[Start of Attachment]

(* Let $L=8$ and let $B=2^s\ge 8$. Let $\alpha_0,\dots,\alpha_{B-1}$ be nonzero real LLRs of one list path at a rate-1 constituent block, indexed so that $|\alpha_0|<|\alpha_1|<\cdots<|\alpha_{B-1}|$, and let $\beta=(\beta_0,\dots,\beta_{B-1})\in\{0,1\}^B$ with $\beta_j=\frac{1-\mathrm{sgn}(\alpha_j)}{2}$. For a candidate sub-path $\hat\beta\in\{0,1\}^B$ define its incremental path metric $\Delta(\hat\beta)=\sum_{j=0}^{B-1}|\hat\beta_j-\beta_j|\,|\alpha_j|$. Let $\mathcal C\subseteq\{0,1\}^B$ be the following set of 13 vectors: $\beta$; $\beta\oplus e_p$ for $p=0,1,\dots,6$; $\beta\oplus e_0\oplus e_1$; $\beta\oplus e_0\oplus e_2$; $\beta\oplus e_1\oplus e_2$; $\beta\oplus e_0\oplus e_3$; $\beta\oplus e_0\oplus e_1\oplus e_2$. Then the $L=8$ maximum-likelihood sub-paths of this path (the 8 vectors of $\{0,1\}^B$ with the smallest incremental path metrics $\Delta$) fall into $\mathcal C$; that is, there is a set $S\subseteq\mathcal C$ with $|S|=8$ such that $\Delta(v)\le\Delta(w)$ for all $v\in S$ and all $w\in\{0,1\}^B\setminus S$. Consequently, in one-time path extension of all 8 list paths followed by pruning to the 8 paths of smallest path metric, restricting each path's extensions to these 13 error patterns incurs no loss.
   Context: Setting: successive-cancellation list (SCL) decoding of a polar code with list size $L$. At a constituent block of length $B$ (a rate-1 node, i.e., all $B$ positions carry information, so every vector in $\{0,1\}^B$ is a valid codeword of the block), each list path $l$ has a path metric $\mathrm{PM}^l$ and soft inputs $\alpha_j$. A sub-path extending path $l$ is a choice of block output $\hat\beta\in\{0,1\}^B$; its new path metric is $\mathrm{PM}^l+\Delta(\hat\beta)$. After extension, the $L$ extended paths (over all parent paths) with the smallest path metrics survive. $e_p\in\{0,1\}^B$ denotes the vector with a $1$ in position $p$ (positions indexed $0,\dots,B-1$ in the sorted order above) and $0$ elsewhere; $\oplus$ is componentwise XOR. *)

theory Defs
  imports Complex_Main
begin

[End of Attachment]

Work instructions
Copy out every line in the listing where the word "path" appears.

Exercise output
(* Let $L=8$ and let $B=2^s\ge 8$. Let $\alpha_0,\dots,\alpha_{B-1}$ be nonzero real LLRs of one list path at a rate-1 constituent block, indexed so that $|\alpha_0|<|\alpha_1|<\cdots<|\alpha_{B-1}|$, and let $\beta=(\beta_0,\dots,\beta_{B-1})\in\{0,1\}^B$ with $\beta_j=\frac{1-\mathrm{sgn}(\alpha_j)}{2}$. For a candidate sub-path $\hat\beta\in\{0,1\}^B$ define its incremental path metric $\Delta(\hat\beta)=\sum_{j=0}^{B-1}|\hat\beta_j-\beta_j|\,|\alpha_j|$. Let $\mathcal C\subseteq\{0,1\}^B$ be the following set of 13 vectors: $\beta$; $\beta\oplus e_p$ for $p=0,1,\dots,6$; $\beta\oplus e_0\oplus e_1$; $\beta\oplus e_0\oplus e_2$; $\beta\oplus e_1\oplus e_2$; $\beta\oplus e_0\oplus e_3$; $\beta\oplus e_0\oplus e_1\oplus e_2$. Then the $L=8$ maximum-likelihood sub-paths of this path (the 8 vectors of $\{0,1\}^B$ with the smallest incremental path metrics $\Delta$) fall into $\mathcal C$; that is, there is a set $S\subseteq\mathcal C$ with $|S|=8$ such that $\Delta(v)\le\Delta(w)$ for all $v\in S$ and all $w\in\{0,1\}^B\setminus S$. Consequently, in one-time path extension of all 8 list paths followed by pruning to the 8 paths of smallest path metric, restricting each path's extensions to these 13 error patterns incurs no loss.
   Context: Setting: successive-cancellation list (SCL) decoding of a polar code with list size $L$. At a constituent block of length $B$ (a rate-1 node, i.e., all $B$ positions carry information, so every vector in $\{0,1\}^B$ is a valid codeword of the block), each list path $l$ has a path metric $\mathrm{PM}^l$ and soft inputs $\alpha_j$. A sub-path extending path $l$ is a choice of block output $\hat\beta\in\{0,1\}^B$; its new path metric is $\mathrm{PM}^l+\Delta(\hat\beta)$. After extension, the $L$ extended paths (over all parent paths) with the smallest path metrics survive. $e_p\in\{0,1\}^B$ denotes the vector with a $1$ in position $p$ (positions indexed $0,\dots,B-1$ in the sorted order above) and $0$ elsewhere; $\oplus$ is componentwise XOR. *)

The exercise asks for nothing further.